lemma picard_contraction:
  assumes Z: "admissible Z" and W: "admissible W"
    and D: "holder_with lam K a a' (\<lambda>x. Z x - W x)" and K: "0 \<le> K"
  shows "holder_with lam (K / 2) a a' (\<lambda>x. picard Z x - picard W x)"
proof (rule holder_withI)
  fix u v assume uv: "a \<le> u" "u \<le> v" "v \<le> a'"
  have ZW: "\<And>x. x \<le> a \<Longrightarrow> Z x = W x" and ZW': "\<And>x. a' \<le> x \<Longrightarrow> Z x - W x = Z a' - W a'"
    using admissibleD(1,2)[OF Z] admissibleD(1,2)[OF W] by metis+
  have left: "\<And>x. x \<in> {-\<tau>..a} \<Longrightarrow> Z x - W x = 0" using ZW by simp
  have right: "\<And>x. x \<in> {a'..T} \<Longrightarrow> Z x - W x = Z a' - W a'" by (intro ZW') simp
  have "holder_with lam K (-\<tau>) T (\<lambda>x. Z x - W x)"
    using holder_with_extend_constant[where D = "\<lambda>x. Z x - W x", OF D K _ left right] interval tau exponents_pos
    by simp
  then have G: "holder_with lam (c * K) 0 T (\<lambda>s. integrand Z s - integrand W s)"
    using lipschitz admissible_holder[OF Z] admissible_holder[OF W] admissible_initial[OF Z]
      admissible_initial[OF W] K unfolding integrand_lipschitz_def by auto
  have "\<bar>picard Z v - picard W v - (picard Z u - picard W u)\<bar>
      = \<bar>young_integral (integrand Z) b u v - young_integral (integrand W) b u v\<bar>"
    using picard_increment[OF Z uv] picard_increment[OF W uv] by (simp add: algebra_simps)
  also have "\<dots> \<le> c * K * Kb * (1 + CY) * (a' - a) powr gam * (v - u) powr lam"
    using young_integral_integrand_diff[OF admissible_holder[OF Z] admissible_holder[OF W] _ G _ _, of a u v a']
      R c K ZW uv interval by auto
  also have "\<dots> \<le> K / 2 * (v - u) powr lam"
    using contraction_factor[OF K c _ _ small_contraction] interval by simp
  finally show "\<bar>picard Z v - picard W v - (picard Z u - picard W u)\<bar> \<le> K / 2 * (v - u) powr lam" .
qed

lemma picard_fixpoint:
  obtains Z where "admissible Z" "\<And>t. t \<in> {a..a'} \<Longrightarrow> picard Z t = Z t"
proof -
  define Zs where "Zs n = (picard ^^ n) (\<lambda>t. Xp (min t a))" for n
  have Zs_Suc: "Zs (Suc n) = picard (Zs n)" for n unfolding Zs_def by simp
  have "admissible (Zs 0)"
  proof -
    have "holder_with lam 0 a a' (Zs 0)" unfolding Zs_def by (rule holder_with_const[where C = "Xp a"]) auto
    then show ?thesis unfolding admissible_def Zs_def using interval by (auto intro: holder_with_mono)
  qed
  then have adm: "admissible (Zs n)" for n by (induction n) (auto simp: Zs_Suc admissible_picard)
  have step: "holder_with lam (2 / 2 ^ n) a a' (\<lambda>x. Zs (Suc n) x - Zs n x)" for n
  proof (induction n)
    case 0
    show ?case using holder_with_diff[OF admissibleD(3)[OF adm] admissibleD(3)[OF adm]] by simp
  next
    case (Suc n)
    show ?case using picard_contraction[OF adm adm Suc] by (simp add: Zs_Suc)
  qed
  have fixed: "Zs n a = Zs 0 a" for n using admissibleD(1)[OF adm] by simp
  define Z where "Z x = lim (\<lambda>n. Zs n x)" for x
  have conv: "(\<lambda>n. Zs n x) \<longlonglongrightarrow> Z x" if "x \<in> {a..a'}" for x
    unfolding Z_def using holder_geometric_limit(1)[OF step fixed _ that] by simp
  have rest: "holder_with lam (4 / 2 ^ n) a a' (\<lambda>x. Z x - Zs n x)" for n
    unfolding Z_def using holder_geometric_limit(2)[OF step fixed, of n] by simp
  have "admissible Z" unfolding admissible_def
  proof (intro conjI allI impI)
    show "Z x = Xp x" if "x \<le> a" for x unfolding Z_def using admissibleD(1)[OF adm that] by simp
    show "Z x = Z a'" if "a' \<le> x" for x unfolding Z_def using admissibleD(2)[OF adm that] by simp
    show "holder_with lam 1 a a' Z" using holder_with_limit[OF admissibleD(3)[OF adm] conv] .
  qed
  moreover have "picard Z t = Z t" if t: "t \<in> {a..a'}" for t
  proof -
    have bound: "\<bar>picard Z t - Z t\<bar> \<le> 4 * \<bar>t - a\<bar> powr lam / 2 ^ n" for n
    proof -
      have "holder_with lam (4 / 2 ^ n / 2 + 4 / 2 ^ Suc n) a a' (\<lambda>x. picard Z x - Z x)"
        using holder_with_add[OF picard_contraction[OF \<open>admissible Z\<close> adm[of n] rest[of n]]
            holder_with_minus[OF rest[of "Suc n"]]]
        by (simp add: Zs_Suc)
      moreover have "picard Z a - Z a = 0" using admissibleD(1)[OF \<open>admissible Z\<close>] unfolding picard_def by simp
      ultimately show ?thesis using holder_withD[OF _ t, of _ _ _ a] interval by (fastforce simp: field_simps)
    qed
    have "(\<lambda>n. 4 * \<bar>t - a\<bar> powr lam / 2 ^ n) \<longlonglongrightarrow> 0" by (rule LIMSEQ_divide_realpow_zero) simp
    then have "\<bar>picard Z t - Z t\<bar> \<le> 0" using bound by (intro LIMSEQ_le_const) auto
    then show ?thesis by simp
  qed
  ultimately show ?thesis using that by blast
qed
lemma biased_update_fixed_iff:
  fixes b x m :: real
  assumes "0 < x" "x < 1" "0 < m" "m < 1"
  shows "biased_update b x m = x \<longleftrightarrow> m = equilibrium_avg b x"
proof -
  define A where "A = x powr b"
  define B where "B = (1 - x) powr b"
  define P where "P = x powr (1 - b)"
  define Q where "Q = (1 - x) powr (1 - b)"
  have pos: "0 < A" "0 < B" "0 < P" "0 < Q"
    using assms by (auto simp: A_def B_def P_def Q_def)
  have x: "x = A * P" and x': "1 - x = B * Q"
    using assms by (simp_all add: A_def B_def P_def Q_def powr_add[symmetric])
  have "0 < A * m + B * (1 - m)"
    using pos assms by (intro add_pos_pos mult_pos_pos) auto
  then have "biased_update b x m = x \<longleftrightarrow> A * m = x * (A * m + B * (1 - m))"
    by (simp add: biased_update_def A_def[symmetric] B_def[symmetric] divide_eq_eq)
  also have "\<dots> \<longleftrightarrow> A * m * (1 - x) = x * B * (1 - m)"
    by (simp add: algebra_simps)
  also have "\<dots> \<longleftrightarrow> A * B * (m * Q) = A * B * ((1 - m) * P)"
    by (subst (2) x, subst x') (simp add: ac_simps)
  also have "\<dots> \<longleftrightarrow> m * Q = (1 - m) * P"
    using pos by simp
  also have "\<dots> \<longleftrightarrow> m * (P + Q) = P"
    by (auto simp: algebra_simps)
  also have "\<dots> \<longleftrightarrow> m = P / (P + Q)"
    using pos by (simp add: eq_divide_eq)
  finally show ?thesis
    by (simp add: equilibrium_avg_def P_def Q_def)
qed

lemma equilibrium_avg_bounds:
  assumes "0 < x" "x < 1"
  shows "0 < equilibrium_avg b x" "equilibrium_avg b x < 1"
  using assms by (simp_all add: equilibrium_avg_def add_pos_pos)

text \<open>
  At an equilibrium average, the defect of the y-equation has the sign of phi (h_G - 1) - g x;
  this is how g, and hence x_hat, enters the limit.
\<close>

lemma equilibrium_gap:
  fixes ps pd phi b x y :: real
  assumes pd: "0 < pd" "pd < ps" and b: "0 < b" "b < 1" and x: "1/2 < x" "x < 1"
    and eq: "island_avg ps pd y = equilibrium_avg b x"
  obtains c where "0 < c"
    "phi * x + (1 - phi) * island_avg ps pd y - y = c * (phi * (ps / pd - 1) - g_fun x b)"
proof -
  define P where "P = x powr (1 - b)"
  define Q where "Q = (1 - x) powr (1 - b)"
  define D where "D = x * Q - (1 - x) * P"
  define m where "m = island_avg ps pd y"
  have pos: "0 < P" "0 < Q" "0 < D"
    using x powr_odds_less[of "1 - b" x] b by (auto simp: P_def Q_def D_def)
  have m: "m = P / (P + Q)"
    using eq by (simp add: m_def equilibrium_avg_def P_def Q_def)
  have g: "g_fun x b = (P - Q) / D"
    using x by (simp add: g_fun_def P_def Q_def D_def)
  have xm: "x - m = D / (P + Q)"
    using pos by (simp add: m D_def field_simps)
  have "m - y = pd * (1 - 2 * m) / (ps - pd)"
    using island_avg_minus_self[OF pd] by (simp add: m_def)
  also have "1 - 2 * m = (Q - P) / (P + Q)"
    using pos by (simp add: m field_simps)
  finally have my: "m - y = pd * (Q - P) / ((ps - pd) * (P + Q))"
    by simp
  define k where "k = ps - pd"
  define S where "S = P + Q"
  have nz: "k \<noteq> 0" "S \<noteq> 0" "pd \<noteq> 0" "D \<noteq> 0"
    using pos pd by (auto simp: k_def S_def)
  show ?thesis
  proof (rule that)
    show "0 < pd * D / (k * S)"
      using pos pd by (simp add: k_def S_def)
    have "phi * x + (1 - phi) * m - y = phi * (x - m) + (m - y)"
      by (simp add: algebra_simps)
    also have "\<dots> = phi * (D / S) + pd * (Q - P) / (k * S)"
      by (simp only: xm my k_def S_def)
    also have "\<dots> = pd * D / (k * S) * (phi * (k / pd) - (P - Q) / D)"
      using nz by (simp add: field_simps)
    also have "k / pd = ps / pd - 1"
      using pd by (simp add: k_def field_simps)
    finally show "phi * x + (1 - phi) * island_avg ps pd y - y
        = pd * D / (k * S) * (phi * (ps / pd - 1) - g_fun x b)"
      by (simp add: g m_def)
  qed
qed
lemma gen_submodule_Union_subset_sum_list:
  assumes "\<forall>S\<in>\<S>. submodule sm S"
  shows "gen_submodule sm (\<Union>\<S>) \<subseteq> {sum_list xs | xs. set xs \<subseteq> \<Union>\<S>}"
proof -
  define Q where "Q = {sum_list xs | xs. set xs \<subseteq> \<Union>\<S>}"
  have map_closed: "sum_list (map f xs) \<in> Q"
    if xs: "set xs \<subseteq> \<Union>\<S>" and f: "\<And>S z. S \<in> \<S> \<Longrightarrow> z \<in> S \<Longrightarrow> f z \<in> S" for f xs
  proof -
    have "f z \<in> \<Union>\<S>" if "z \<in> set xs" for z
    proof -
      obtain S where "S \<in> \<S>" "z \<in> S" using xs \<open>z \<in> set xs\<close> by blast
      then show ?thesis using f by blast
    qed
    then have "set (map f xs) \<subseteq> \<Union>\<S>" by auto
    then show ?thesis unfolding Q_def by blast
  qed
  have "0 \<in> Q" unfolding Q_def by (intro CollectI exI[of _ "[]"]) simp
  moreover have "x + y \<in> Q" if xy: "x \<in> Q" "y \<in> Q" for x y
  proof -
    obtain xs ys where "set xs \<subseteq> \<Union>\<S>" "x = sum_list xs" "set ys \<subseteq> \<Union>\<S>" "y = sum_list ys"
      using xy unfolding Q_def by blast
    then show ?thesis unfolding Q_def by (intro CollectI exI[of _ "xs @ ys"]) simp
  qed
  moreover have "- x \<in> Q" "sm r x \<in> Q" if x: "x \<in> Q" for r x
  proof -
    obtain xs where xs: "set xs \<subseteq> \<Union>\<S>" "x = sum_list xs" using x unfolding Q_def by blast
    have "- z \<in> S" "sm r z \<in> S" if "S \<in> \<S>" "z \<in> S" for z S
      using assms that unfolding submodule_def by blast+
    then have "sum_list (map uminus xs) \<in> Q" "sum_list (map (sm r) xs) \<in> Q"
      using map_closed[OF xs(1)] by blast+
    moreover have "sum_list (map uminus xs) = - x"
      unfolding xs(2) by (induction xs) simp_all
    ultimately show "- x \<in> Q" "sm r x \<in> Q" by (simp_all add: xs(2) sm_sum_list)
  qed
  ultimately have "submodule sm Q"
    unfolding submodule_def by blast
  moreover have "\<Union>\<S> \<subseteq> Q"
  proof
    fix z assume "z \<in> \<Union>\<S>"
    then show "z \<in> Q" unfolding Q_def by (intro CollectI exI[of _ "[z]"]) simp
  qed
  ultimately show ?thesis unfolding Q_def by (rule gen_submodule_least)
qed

#####

#### Task directions:
Each line in the records that carries "thesis" must be copied out.

#### Output:
    then show ?thesis unfolding admissible_def Zs_def using interval by (auto intro: holder_with_mono)
      ultimately show ?thesis using holder_withD[OF _ t, of _ _ _ a] interval by (fastforce simp: field_simps)
    then show ?thesis by simp
  ultimately show ?thesis using that by blast
  finally show ?thesis
  show ?thesis
      then show ?thesis using f by blast
    then show ?thesis unfolding Q_def by blast
    then show ?thesis unfolding Q_def by (intro CollectI exI[of _ "xs @ ys"]) simp
  ultimately show ?thesis unfolding Q_def by (rule gen_submodule_least)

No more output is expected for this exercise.